Extracted entries below:
lemma Lset_iff:
  assumes n: "1 \<le> n"
  shows "s \<in> Lset n \<longleftrightarrow>
    (\<exists>u. left_unimodal u \<and> set u = {1..n - 1} \<and> s = perm_of_word n (u @ [n]))" (is "_ \<longleftrightarrow> ?R")
proof
  assume "s \<in> Lset n"
  then have s: "s permutes {1..n - 1}" and lu: "left_unimodal (map s [1..<n])"
    by (auto simp: Lset_def)
  have "map s [1..<Suc n] = map s [1..<n] @ [n]"
    using n permutes_not_in[OF s, of n] by simp
  moreover have "s permutes {1..n}" by (rule permutes_subset[OF s]) auto
  ultimately have "s = perm_of_word n (map s [1..<n] @ [n])"
    using perm_of_word_map by metis
  moreover have "{1..<n} = {1..n - 1}" using n by auto
  then have "set (map s [1..<n]) = {1..n - 1}"
    using permutes_image[OF s] by simp
  ultimately show ?R
    using lu by blast
next
  assume ?R
  then obtain u where u: "left_unimodal u" "set u = {1..n - 1}"
    and s: "s = perm_of_word n (u @ [n])"
    by blast
  have w: "perm_word n (u @ [n])"
    using perm_word_split_iff[of n u "[]"] u n left_unimodal_distinct by simp
  then have "map s [1..<n] @ [s n] = u @ [n]"
    using map_perm_of_word[OF perm_word_length[OF w]] n s by simp
  moreover have "s permutes {1..n - 1}"
    unfolding s
  proof (rule permutes_superset[OF perm_of_word_permutes[OF w]])
    fix x assume "x \<in> {1..n} - {1..n - 1}"
    then have "x = n" by auto
    then show "perm_of_word n (u @ [n]) x = x"
      using \<open>map s [1..<n] @ [s n] = u @ [n]\<close> s by simp
  qed
  ultimately show "s \<in> Lset n" using u by (simp add: Lset_def)
qed
(* In the BICM setting described in the context, with message $1$ transmitted and $\mathsf D$ the ORBGRAND metric, $$\lim_{N\to\infty}\mathbb E[\mathsf D(1)]=\frac1m\sum_{j=1}^m\Bigg(\frac12\int_{\mathcal R_{1,j}}\bar\Psi\Big(\Big|\ln\frac{q_j^+(y)}{q_j^-(y)}\Big|\Big)q_j^+(y)\,\mathrm dy+\frac12\int_{\mathcal R_{2,j}}\bar\Psi\Big(\Big|\ln\frac{q_j^+(y)}{q_j^-(y)}\Big|\Big)q_j^-(y)\,\mathrm dy\Bigg).$$
   Context: Let $m\ge1$, let $\mathcal S$ be a constellation with $|\mathcal S|=2^m$, and let $\mu:\{+1,-1\}^m\to\mathcal S$ be a bijective labeling. For $s\in\mathcal S$, let $b_j(s)$ be the $j$-th coordinate of $\mu^{-1}(s)$. The channel is memoryless with output space $\mathbb R^d$ (norm $|\cdot|$) and transition densities $p(y\mid s)$. For $j=1,\dots,m$ define $$q_j^\pm(y)=2^{-(m-1)}\sum_{s:\,b_j(s)=\pm1}p(y\mid s).$$ For each $j$, let $\mathsf X_j$ be uniform on $\{\pm1\}$ and let $\mathsf Y$ have density $q_j^{\mathsf X_j}$ given $\mathsf X_j$. Let $\Psi_j$ be the CDF of $|\ln(q_j^+(\mathsf Y)/q_j^-(\mathsf Y))|$, and let $\bar\Psi=\frac1m\sum_j\Psi_j$. Assume that for each $j$: (A1) there exist $M_1>0$, $a>0$ and a polynomial $S_1$ with $q_j^\pm(y)<S_1(|y|)e^{-a|y|}$ for $|y|>M_1$; (A2) there exist $M_2>0$ and a polynomial $S_2$ with $|\ln(q_j^+(y)/q_j^-(y))|<S_2(|y|)$ for $|y|>M_2$; (A3) $\Psi_j$, $\Psi_j^{-1}$, $\bar\Psi$ and $\bar\Psi^{-1}$ are smooth with finite first, second and third derivatives. Let $\mathcal R_{1,j}=\{y:q_j^+(y)<q_j^-(y)\}$ and $\mathcal R_{2,j}=\{y:q_j^+(y)>q_j^-(y)\}$. Random coding: the codebook has $\lceil e^{NR}\rceil$ codewords, each consisting of bits $\mathsf X_{i,j}(w)$, $i\le N$, $j\le m$, all i.i.d. uniform on $\{\pm1\}$. Message $1$ is transmitted. Symbol $i$ is $s_i(1)=\mu(\mathsf X_{i,1}(1),\dots,\mathsf X_{i,m}(1))$, and the outputs $\mathsf Y_i$ are conditionally independent with densities $p(\cdot\mid s_i(1))$. Let $\mathsf T_{i,j}=\ln(q_j^+(\mathsf Y_i)/q_j^-(\mathsf Y_i))$. Let $\mathsf R_{i,j}$ be the rank of $|\mathsf T_{i,j}|$ among all $mN$ values (rank $1$ is the smallest). Let $\mathrm{sgn}(t)=1$ if $t\ge0$ and $-1$ otherwise. The ORBGRAND metric is $$\mathsf D(w)=\frac1{mN}\sum_{i,j}\frac{\mathsf R_{i,j}}{mN}\mathbf 1\big(\mathrm{sgn}(\mathsf T_{i,j})\mathsf X_{i,j}(w)<0\big).$$ *)

theory Defs
  imports "HOL-Analysis.Analysis" "HOL-Computational_Algebra.Polynomial"
begin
End of Extracted entries.
● **Problem statement**:
Repeat all the entries word for word.

● **Exercise solution**:
lemma Lset_iff:
  assumes n: "1 \<le> n"
  shows "s \<in> Lset n \<longleftrightarrow>
    (\<exists>u. left_unimodal u \<and> set u = {1..n - 1} \<and> s = perm_of_word n (u @ [n]))" (is "_ \<longleftrightarrow> ?R")
proof
  assume "s \<in> Lset n"
  then have s: "s permutes {1..n - 1}" and lu: "left_unimodal (map s [1..<n])"
    by (auto simp: Lset_def)
  have "map s [1..<Suc n] = map s [1..<n] @ [n]"
    using n permutes_not_in[OF s, of n] by simp
  moreover have "s permutes {1..n}" by (rule permutes_subset[OF s]) auto
  ultimately have "s = perm_of_word n (map s [1..<n] @ [n])"
    using perm_of_word_map by metis
  moreover have "{1..<n} = {1..n - 1}" using n by auto
  then have "set (map s [1..<n]) = {1..n - 1}"
    using permutes_image[OF s] by simp
  ultimately show ?R
    using lu by blast
next
  assume ?R
  then obtain u where u: "left_unimodal u" "set u = {1..n - 1}"
    and s: "s = perm_of_word n (u @ [n])"
    by blast
  have w: "perm_word n (u @ [n])"
    using perm_word_split_iff[of n u "[]"] u n left_unimodal_distinct by simp
  then have "map s [1..<n] @ [s n] = u @ [n]"
    using map_perm_of_word[OF perm_word_length[OF w]] n s by simp
  moreover have "s permutes {1..n - 1}"
    unfolding s
  proof (rule permutes_superset[OF perm_of_word_permutes[OF w]])
    fix x assume "x \<in> {1..n} - {1..n - 1}"
    then have "x = n" by auto
    then show "perm_of_word n (u @ [n]) x = x"
      using \<open>map s [1..<n] @ [s n] = u @ [n]\<close> s by simp
  qed
  ultimately show "s \<in> Lset n" using u by (simp add: Lset_def)
qed
(* In the BICM setting described in the context, with message $1$ transmitted and $\mathsf D$ the ORBGRAND metric, $$\lim_{N\to\infty}\mathbb E[\mathsf D(1)]=\frac1m\sum_{j=1}^m\Bigg(\frac12\int_{\mathcal R_{1,j}}\bar\Psi\Big(\Big|\ln\frac{q_j^+(y)}{q_j^-(y)}\Big|\Big)q_j^+(y)\,\mathrm dy+\frac12\int_{\mathcal R_{2,j}}\bar\Psi\Big(\Big|\ln\frac{q_j^+(y)}{q_j^-(y)}\Big|\Big)q_j^-(y)\,\mathrm dy\Bigg).$$
   Context: Let $m\ge1$, let $\mathcal S$ be a constellation with $|\mathcal S|=2^m$, and let $\mu:\{+1,-1\}^m\to\mathcal S$ be a bijective labeling. For $s\in\mathcal S$, let $b_j(s)$ be the $j$-th coordinate of $\mu^{-1}(s)$. The channel is memoryless with output space $\mathbb R^d$ (norm $|\cdot|$) and transition densities $p(y\mid s)$. For $j=1,\dots,m$ define $$q_j^\pm(y)=2^{-(m-1)}\sum_{s:\,b_j(s)=\pm1}p(y\mid s).$$ For each $j$, let $\mathsf X_j$ be uniform on $\{\pm1\}$ and let $\mathsf Y$ have density $q_j^{\mathsf X_j}$ given $\mathsf X_j$. Let $\Psi_j$ be the CDF of $|\ln(q_j^+(\mathsf Y)/q_j^-(\mathsf Y))|$, and let $\bar\Psi=\frac1m\sum_j\Psi_j$. Assume that for each $j$: (A1) there exist $M_1>0$, $a>0$ and a polynomial $S_1$ with $q_j^\pm(y)<S_1(|y|)e^{-a|y|}$ for $|y|>M_1$; (A2) there exist $M_2>0$ and a polynomial $S_2$ with $|\ln(q_j^+(y)/q_j^-(y))|<S_2(|y|)$ for $|y|>M_2$; (A3) $\Psi_j$, $\Psi_j^{-1}$, $\bar\Psi$ and $\bar\Psi^{-1}$ are smooth with finite first, second and third derivatives. Let $\mathcal R_{1,j}=\{y:q_j^+(y)<q_j^-(y)\}$ and $\mathcal R_{2,j}=\{y:q_j^+(y)>q_j^-(y)\}$. Random coding: the codebook has $\lceil e^{NR}\rceil$ codewords, each consisting of bits $\mathsf X_{i,j}(w)$, $i\le N$, $j\le m$, all i.i.d. uniform on $\{\pm1\}$. Message $1$ is transmitted. Symbol $i$ is $s_i(1)=\mu(\mathsf X_{i,1}(1),\dots,\mathsf X_{i,m}(1))$, and the outputs $\mathsf Y_i$ are conditionally independent with densities $p(\cdot\mid s_i(1))$. Let $\mathsf T_{i,j}=\ln(q_j^+(\mathsf Y_i)/q_j^-(\mathsf Y_i))$. Let $\mathsf R_{i,j}$ be the rank of $|\mathsf T_{i,j}|$ among all $mN$ values (rank $1$ is the smallest). Let $\mathrm{sgn}(t)=1$ if $t\ge0$ and $-1$ otherwise. The ORBGRAND metric is $$\mathsf D(w)=\frac1{mN}\sum_{i,j}\frac{\mathsf R_{i,j}}{mN}\mathbf 1\big(\mathrm{sgn}(\mathsf T_{i,j})\mathsf X_{i,j}(w)<0\big).$$ *)

theory Defs
  imports "HOL-Analysis.Analysis" "HOL-Computational_Algebra.Polynomial"
begin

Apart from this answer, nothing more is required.